I feel that the book also does a good job demonstrating template techniques, and provides a good overall SW development process to follow.

The authors have been very responsive to questions and problems, which I greatly appreciate.

The only thing I really didn't like was the lack of makefiles for the non-template code. I would have liked to have a makefile that creates a library automatically. I ended up doing it myself, which frankly wasn't all that difficult.


Rating: 5 out of 5
a solid C++ software development book
There are many books about C++, and there are many books about software development. This book is one of the best I've seen at combining the two topics. The authors are obviously real-world developers because they offer real-world solutions and approaches, unlike the authors of many development-oriented books who apparently live in ideal worlds where every project goes perfectly.

C++ continues to be one of the most popular programming languages ever, and I highly recommend this book not only to any developer who writes C++ applications for a living, but also to team leaders and architects who want to make sure their teams are writing the best code possible.

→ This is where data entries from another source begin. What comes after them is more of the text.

section \<open>Order-preserving bijections between finite sets\<close>

lemma nth_sorted_list_of_set_card_less:
  assumes "finite A" "x \<in> A"
  shows "sorted_list_of_set A ! card {y \<in> A. y < x} = x"
proof -
  define xs where "xs = sorted_list_of_set A"
  have sorted: "sorted_wrt (<) xs" and set_xs: "set xs = A" and "distinct xs"
    using assms(1) unfolding xs_def by auto
  obtain i where i: "i < length xs" "xs ! i = x"
    using assms(2) set_xs by (metis in_set_conv_nth)
  have split: "xs = take i xs @ x # drop (Suc i) xs"
    using i by (metis id_take_nth_drop)
  have "\<forall>y \<in> set (take i xs). y < x" "\<forall>y \<in> set (drop (Suc i) xs). x < y"
    using sorted split sorted_wrt_append[of "(<)" "take i xs" "x # drop (Suc i) xs"] by auto
  moreover have "A = set (take i xs) \<union> insert x (set (drop (Suc i) xs))"
    using set_xs split by (metis list.simps(15) set_append)
  ultimately have "{y \<in> A. y < x} = set (take i xs)"
    by auto
  moreover have "card (set (take i xs)) = i"
    using \<open>distinct xs\<close> i(1) by (simp add: distinct_card)
  ultimately show ?thesis
    using i unfolding xs_def by simp
qed

lemma relabel_eq:
  assumes "finite A" "strict_mono_on A g" "g ` A = B" "x \<in> A"
  shows "relabel A B x = g x"
proof -
  have "{y \<in> B. y < g x} = g ` {y \<in> A. y < x}"
    using assms(2-4) strict_mono_on_less[OF assms(2)] by auto
  moreover have "inj_on g {y \<in> A. y < x}"
    using strict_mono_on_imp_inj_on[OF assms(2)] by (rule inj_on_subset) auto
  ultimately have "card {y \<in> B. y < g x} = card {y \<in> A. y < x}"
    by (simp add: card_image)
  then show ?thesis
    using nth_sorted_list_of_set_card_less[of B "g x"] assms unfolding relabel_def by auto
qed

lemma
  assumes "finite A" "finite B" "card A = card B"
  shows strict_mono_on_relabel: "strict_mono_on A (relabel A B)"
    and relabel_image: "relabel A B ` A = B"
proof -
  define xs where "xs = sorted_list_of_set B"
  have sorted: "sorted_wrt (<) xs" and "length xs = card B" "set xs = B"
    using assms(2) unfolding xs_def by auto
  have rank_less: "card {y \<in> A. y < x} < length xs" if "x \<in> A" for x
    using assms(1,3) that \<open>length xs = card B\<close> by (metis (mono_tags) mem_Collect_eq
        order_less_irrefl psubset_card_mono subsetI psubsetI)
  show mono: "strict_mono_on A (relabel A B)"
  proof (rule strict_mono_onI)
    fix x y assume "x \<in> A" "y \<in> A" "x < y"
    then have "card {z \<in> A. z < x} < card {z \<in> A. z < y}"
      using assms(1) by (intro psubset_card_mono) auto
    with sorted rank_less[OF \<open>y \<in> A\<close>] show "relabel A B x < relabel A B y"
      unfolding relabel_def xs_def[symmetric] by (simp add: sorted_wrt_nth_less)
  qed
  have "relabel A B ` A \<subseteq> B"
    using rank_less \<open>set xs = B\<close> unfolding relabel_def xs_def[symmetric] by auto
  moreover have "card (relabel A B ` A) = card B"
    using strict_mono_on_imp_inj_on[OF mono] assms(3) by (simp add: card_image)
  ultimately show "relabel A B ` A = B"
    using assms(2) by (simp add: card_subset_eq)
qed

lemma strict_mono_on_image_unique:
  fixes f g :: "nat \<Rightarrow> nat"
  assumes "finite A" "strict_mono_on A f" "strict_mono_on A g" "f ` A = g ` A" "x \<in> A"
  shows "f x = g x"
  using relabel_eq[OF assms(1,2) refl assms(5)] relabel_eq[OF assms(1,3) assms(4)[symmetric] assms(5)]
  by simp

lemma strict_mono_on_factor:
  fixes f k :: "nat \<Rightarrow> nat"
  assumes "finite A" "strict_mono_on A f" "strict_mono_on A k"
  obtains g where "strict_mono_on (f ` A) g" "\<And>x. x \<in> A \<Longrightarrow> g (f x) = k x"
proof -
  let ?g = "relabel (f ` A) (k ` A)"
  have "card (f ` A) = card (k ` A)"
    using assms by (simp add: card_image strict_mono_on_imp_inj_on)
  then have g: "strict_mono_on (f ` A) ?g" "?g ` f ` A = k ` A"
    using assms(1) by (simp_all add: strict_mono_on_relabel relabel_image)
  then have "strict_mono_on A (?g \<circ> f)" "(?g \<circ> f) ` A = k ` A"
    using assms(2) by (auto simp: image_comp intro: monotone_on_o)
  then have "?g (f x) = k x" if "x \<in> A" for x
    using strict_mono_on_image_unique[OF assms(1) _ assms(3) _ that] by simp
  with g(1) show thesis
    by (rule that)
qed

section \<open>HR-trees\<close>

definition is_hr :: "nat tree \<Rightarrow> bool" where
  "is_hr t \<longleftrightarrow> hr_cond t \<and> distinct (inorder t)"

lemma is_hr_Leaf [simp]: "is_hr Leaf"
  by (simp add: is_hr_def)

definition hr_root :: "nat tree \<Rightarrow> nat \<Rightarrow> nat tree \<Rightarrow> bool" where
  "hr_root l a r \<longleftrightarrow>
     (let S = set_tree (Node l a r) in
       (l = Leaf \<and> r = Leaf) \<or>
       (r \<noteq> Leaf \<and> ((a = Min S \<and> Max S \<in> set_tree r) \<or> (a = Max S \<and> Min S \<in> set_tree r))))"

lemma hr_cond_Node: "hr_cond (Node l a r) \<longleftrightarrow> hr_cond l \<and> hr_cond r \<and> hr_root l a r"
  by (simp only: hr_cond.simps hr_root_def)

lemma is_hr_Node:
  "is_hr (Node l a r) \<longleftrightarrow> is_hr l \<and> is_hr r \<and> hr_root l a r \<and>
     a \<notin> set_tree l \<and> a \<notin> set_tree r \<and> set_tree l \<inter> set_tree r = {}"
  unfolding is_hr_def hr_cond_Node by auto

lemma hr_root_cong:
  assumes "set_tree l' = set_tree l" "set_tree r' = set_tree r"
  shows "hr_root l' a r' \<longleftrightarrow> hr_root l a r"
proof -
  have "l' = Leaf \<longleftrightarrow> l = Leaf" "r' = Leaf \<longleftrightarrow> r = Leaf"
    using assms eq_set_tree_empty by metis+
  with assms show ?thesis
    unfolding hr_root_def by simp
qed

lemma hr_root_Leaf: "hr_root l a Leaf \<longleftrightarrow> l = Leaf"
  by (simp add: hr_root_def)

lemma hr_root_extreme:
  assumes "hr_root l a r" "r \<noteq> Leaf"
  defines "S \<equiv> set_tree (Node l a r)"
  shows "(a = Min S \<and> Max S \<in> set_tree r) \<or> (a = Max S \<and> Min S \<in> set_tree r)"
  using assms(1,2) unfolding hr_root_def S_def Let_def by blast

lemma is_hr_Node_subtrees:
  assumes "is_hr (Node l a r)" "is_hr l'" "is_hr r'"
    and "set_tree l' = set_tree l" "set_tree r' = set_tree r"
  shows "is_hr (Node l' a r')"
  using assms hr_root_cong[OF assms(4,5)] by (simp add: is_hr_Node)

lemma strict_mono_on_Min:
  fixes f :: "'a::linorder \<Rightarrow> 'b::linorder"
  assumes "finite S" "S \<noteq> {}" "strict_mono_on S f"
  shows "Min (f ` S) = f (Min S)"
proof (rule Min_eqI)
  fix y assume "y \<in> f ` S"
  then obtain x where "x \<in> S" "y = f x" by blast
  then show "f (Min S) \<le> y"
    using strict_mono_on_leD[OF assms(3)] Min_in[OF assms(1,2)] assms(1) by simp
qed (use assms in auto)

lemma strict_mono_on_Max:
  fixes f :: "'a::linorder \<Rightarrow> 'b::linorder"
  assumes "finite S" "S \<noteq> {}" "strict_mono_on S f"
  shows "Max (f ` S) = f (Max S)"
proof (rule Max_eqI)
  fix y assume "y \<in> f ` S"
  then obtain x where "x \<in> S" "y = f x" by blast
  then show "y \<le> f (Max S)"
    using strict_mono_on_leD[OF assms(3)] Max_in[OF assms(1,2)] assms(1) by simp
qed (use assms in auto)

lemma hr_root_map_tree:
  assumes "strict_mono_on (set_tree (Node l a r)) f" "hr_root l a r"
  shows "hr_root (map_tree f l) (f a) (map_tree f r)"
proof -
  let ?S = "set_tree (Node l a r)"
  have "Min (f ` ?S) = f (Min ?S)" "Max (f ` ?S) = f (Max ?S)"
    using strict_mono_on_Min[OF _ _ assms(1)] strict_mono_on_Max[OF _ _ assms(1)] by simp_all
  then show ?thesis
    using assms unfolding hr_root_def by (auto simp: tree.set_map image_Un)
qed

I can say based on years of experience that the techniques offered in this book are critically important for real-world, robust, production-quality C++ applications.


Rating: 2 out of 5
Nothing really new in this book
I was a little bit disppointed with this book, especially when I look at other books in this serie.

Although I cannot find any point totally wrong in this book, I cannot find anything that I did not already knew. I believe that this book is best suited for people rather new to the profession, or maybe even more to people who only use C++ as a better C, and would like to start using C++ specific features.

Maybe in this case, they can find in one book what usually requires at least three books. But that would not take them as far as those three books would do.

I think my biggest disappointment with this book, is that when the authors discuss about their design, they explain how it work in details, sometime they even suggest why they choose this possibility, but they almost never review other possibilities to weight to pro and con of each one.

The text is sometime a little bit tedious to read (the kind of repetition that one would expect in documentation where everything has to be detailled, but not in book).

Finally, there are some technical points where I disagree (or where I beleive a better solution exists, and should at least be evoqued):
- The use of prefix instead of namespace, making code more difficult to read, and I believe even more innapropriate in a book than in real life
- Not a word about the template techniques that might unroll the loops they tediously unroll manually
- The use of trait associated with pixel type could probably ease the use of the library (for instance, specifying the type to be used by default when adding two pixels)
- I think it is rather surprising the way the authors complain about a change in the standard from a well defined behaviour to a buggy one that broke their previous design on purpose (you may think I am cynical, but they _complain_ about this special point at least three times in the book (for their function add2), but never explain why the standard is written as it is)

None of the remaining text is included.